# [Brief]
Only the line with "(\<forall>l\<in>labels Sg. lsort" and the lines after it, to the end of the data, should appear in the answer, each reproduced exactly.

# [Input data]
(* Let $\chi_i:\Sigma\to\Sigma_i$ ($i\in\{0,1\}$) be signature morphisms and $\{\chi'_i:\Sigma_i\to\Sigma'\}_{i\in\{0,1\}}$ a pushout (colimit) of $\chi_0,\chi_1$ in the category of signatures. Let $\mathfrak{A}_i$ be a $\mathsf{TA}_k$ $\Sigma_i$-model for $i\in\{0,1\}$. Then the following are equivalent: (a) $\mathfrak{A}_0\upharpoonright_{\chi_0}=\mathfrak{A}_1\upharpoonright_{\chi_1}$; (b) there is a $\mathsf{TA}_k$ $\Sigma'$-model $\mathfrak{A}'$ with $\mathfrak{A}'\upharpoonright_{\chi'_0}=\mathfrak{A}_0$ and $\mathfrak{A}'\upharpoonright_{\chi'_1}=\mathfrak{A}_1$.
   Context: A signature $\Sigma=(S,F,L)$ consists of a set $S$ of sorts, a family $F=(F_{w\to s})_{w\in S^*,s\in S}$ of function symbols and a family $L=(L_s)_{s\in S}$ of labels, all pairwise disjoint; a signature morphism maps sorts, function symbols (respecting arities) and labels ($L_s\to L'_{\chi(s)}$); pushouts are computed componentwise. A $\mathsf{TA}_k$ $\Sigma$-model $\mathfrak{A}$ is an $(S,F)$-algebra with a relation $\lambda^{\mathfrak{A}}\subseteq\mathfrak{A}_s\times\mathfrak{A}_s$ for each $\lambda\in L_s$, together with, for each $s\in S$, a set $\mathfrak{A}_{ss}$ of binary relations on $\mathfrak{A}_s$ that contains $\emptyset$, the identity and all $\lambda^{\mathfrak{A}}$ ($\lambda\in L_s$) and is closed under union, $(r,r')\mapsto r^c\cup r'$, composition and $(r,r')\mapsto r^{-1};r'$, and an operation $*_s:\mathfrak{A}_{ss}\to\mathfrak{A}_{ss}$ such that $(\mathfrak{A}_{ss};\emptyset,\cup,\mathrm{id},;,*_s)$ is a Kleene algebra. For $\chi:\Sigma\to\Sigma'$ and a $\Sigma'$-model $\mathfrak{A}'$, the reduct $\mathfrak{A}'\upharpoonright_\chi$ is the $\Sigma$-model with carriers $\mathfrak{A}'_{\chi(s)}$, $\sigma^{\mathfrak{A}'\upharpoonright_\chi}=\chi(\sigma)^{\mathfrak{A}'}$, $\lambda^{\mathfrak{A}'\upharpoonright_\chi}=\chi(\lambda)^{\mathfrak{A}'}$, relation sets $\mathfrak{A}'_{\chi(s)\chi(s)}$ and operations $*_{\chi(s)}$. *)

theory Defs
  imports Main
begin

text \<open>Sorts, function symbols and labels live in three separate types, so they are
pairwise disjoint. Each function symbol carries its arity (w, s), i.e. the family
F_{w->s} is represented by the set of symbols with arity (w,s); each label carries
its sort, i.e. L_s is the set of labels with sort s.\<close>

record ('s, 'f, 'l) sig =
  sorts  :: "'s set"
  ops    :: "'f set"
  arity  :: "'f \<Rightarrow> 's list \<times> 's"
  labels :: "'l set"
  lsort  :: "'l \<Rightarrow> 's"

definition wf_sig :: "('s, 'f, 'l) sig \<Rightarrow> bool" where
  "wf_sig Sg \<longleftrightarrow>
     (\<forall>f\<in>ops Sg. set (fst (arity Sg f)) \<subseteq> sorts Sg \<and> snd (arity Sg f) \<in> sorts Sg) \<and>
     (\<forall>l\<in>labels Sg. lsort Sg l \<in> sorts Sg)"

record ('s1, 'f1, 'l1, 's2, 'f2, 'l2) morph =
  smap :: "'s1 \<Rightarrow> 's2"
  fmap :: "'f1 \<Rightarrow> 'f2"
  lmap :: "'l1 \<Rightarrow> 'l2"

# [Written solution]
     (\<forall>l\<in>labels Sg. lsort Sg l \<in> sorts Sg)"

record ('s1, 'f1, 'l1, 's2, 'f2, 'l2) morph =
  smap :: "'s1 \<Rightarrow> 's2"
  fmap :: "'f1 \<Rightarrow> 'f2"
  lmap :: "'l1 \<Rightarrow> 'l2"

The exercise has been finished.